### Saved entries

◆ ◆ ◆ ◆

theorem claim6p2:
  fixes A B s :: real and p :: nat
  assumes "A > 0" "B > 0" "s > 0" "s \<ge> 1" "p > 0" "real p \<le> sqrt B"
  shows "real p ^ 2 / exp 1 \<le>
      (\<Sum>(k1, k2) \<in> {(k1::int, k2::int). \<bar>of_int k1 * real p - A\<bar> \<le> s * sqrt B \<and>
                                           \<bar>of_int k2 * real p - A\<bar> \<le> s * sqrt B}.
         (of_int k1 * real p - of_int k2 * real p) ^ 2 *
         exp (- ((of_int k1 * real p - A) ^ 2 / (2 * B)) - (of_int k2 * real p - A) ^ 2 / (2 * B)))
    \<and>
      (\<Sum>(k1, k2) \<in> {(k1::int, k2::int). \<bar>of_int k1 * real p - A\<bar> \<le> s * sqrt B \<and>
                                           \<bar>of_int k2 * real p - A\<bar> \<le> s * sqrt B}.
         (of_int k1 * real p - of_int k2 * real p) ^ 2 *
         exp (- ((of_int k1 * real p - A) ^ 2 / (2 * B)) - (of_int k2 * real p - A) ^ 2 / (2 * B)))
      \<le> 24 * exp 4 * pi * B ^ 2 / real p ^ 2"
proof -
  define \<sigma> where "\<sigma> = sqrt B"
  define K where "K = {k::int. \<bar>of_int k * real p - A\<bar> \<le> s * \<sigma>}"
  have B_eq: "B = \<sigma>\<^sup>2" and p_le: "real p \<le> \<sigma>" and "0 < real p"
    using assms by (simp_all add: \<sigma>_def)
  have "finite K"
    unfolding K_def using \<open>0 < real p\<close> by (rule finite_lattice_points_within)
  have near_in_K: "k \<in> K" if "\<bar>of_int k * real p - A\<bar> \<le> \<sigma>" for k
  proof -
    have "\<sigma> \<le> s * \<sigma>" using assms p_le by simp
    with that show ?thesis unfolding K_def by simp
  qed
  have "real p ^ 2 / exp 1 \<le> gaussian_pair_sum K (real p) A \<sigma>"
    using \<open>finite K\<close> \<open>0 < real p\<close> p_le near_in_K by (rule gaussian_pair_sum_ge)
  moreover have "gaussian_pair_sum K (real p) A \<sigma> \<le> 24 * exp 4 * pi * B ^ 2 / real p ^ 2"
  proof -
    have "B ^ 2 = \<sigma> ^ 4" by (simp add: B_eq flip: power_mult)
    then have "256 * exp (1 / 2) * \<sigma> ^ 4 / real p ^ 2 \<le> 24 * exp 4 * pi * B ^ 2 / real p ^ 2"
      by (simp only:) (intro divide_right_mono mult_right_mono exp_half_256_le_exp_4_pi; simp)
    with gaussian_pair_sum_le[OF \<open>finite K\<close> \<open>0 < real p\<close> p_le] show ?thesis
      by (rule order_trans)
  qed
  moreover have "{(k1, k2). \<bar>of_int k1 * real p - A\<bar> \<le> s * sqrt B \<and>
                            \<bar>of_int k2 * real p - A\<bar> \<le> s * sqrt B} = K \<times> K"
    by (auto simp: K_def \<sigma>_def)
  moreover have "exp (- x - y) = exp (- x) * exp (- y)" for x y :: real
    by (simp flip: exp_add)
  ultimately show ?thesis
    unfolding gaussian_pair_sum_def B_eq by simp
qed

end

◆ ◆ ◆ ◆

Your answer should be the exact lines above from the one with "fixes A B s :: real and p :: nat" through the one with "p_le by simp", both included, and nothing besides.

  fixes A B s :: real and p :: nat
  assumes "A > 0" "B > 0" "s > 0" "s \<ge> 1" "p > 0" "real p \<le> sqrt B"
  shows "real p ^ 2 / exp 1 \<le>
      (\<Sum>(k1, k2) \<in> {(k1::int, k2::int). \<bar>of_int k1 * real p - A\<bar> \<le> s * sqrt B \<and>
                                           \<bar>of_int k2 * real p - A\<bar> \<le> s * sqrt B}.
         (of_int k1 * real p - of_int k2 * real p) ^ 2 *
         exp (- ((of_int k1 * real p - A) ^ 2 / (2 * B)) - (of_int k2 * real p - A) ^ 2 / (2 * B)))
    \<and>
      (\<Sum>(k1, k2) \<in> {(k1::int, k2::int). \<bar>of_int k1 * real p - A\<bar> \<le> s * sqrt B \<and>
                                           \<bar>of_int k2 * real p - A\<bar> \<le> s * sqrt B}.
         (of_int k1 * real p - of_int k2 * real p) ^ 2 *
         exp (- ((of_int k1 * real p - A) ^ 2 / (2 * B)) - (of_int k2 * real p - A) ^ 2 / (2 * B)))
      \<le> 24 * exp 4 * pi * B ^ 2 / real p ^ 2"
proof -
  define \<sigma> where "\<sigma> = sqrt B"
  define K where "K = {k::int. \<bar>of_int k * real p - A\<bar> \<le> s * \<sigma>}"
  have B_eq: "B = \<sigma>\<^sup>2" and p_le: "real p \<le> \<sigma>" and "0 < real p"
    using assms by (simp_all add: \<sigma>_def)
  have "finite K"
    unfolding K_def using \<open>0 < real p\<close> by (rule finite_lattice_points_within)
  have near_in_K: "k \<in> K" if "\<bar>of_int k * real p - A\<bar> \<le> \<sigma>" for k
  proof -
    have "\<sigma> \<le> s * \<sigma>" using assms p_le by simp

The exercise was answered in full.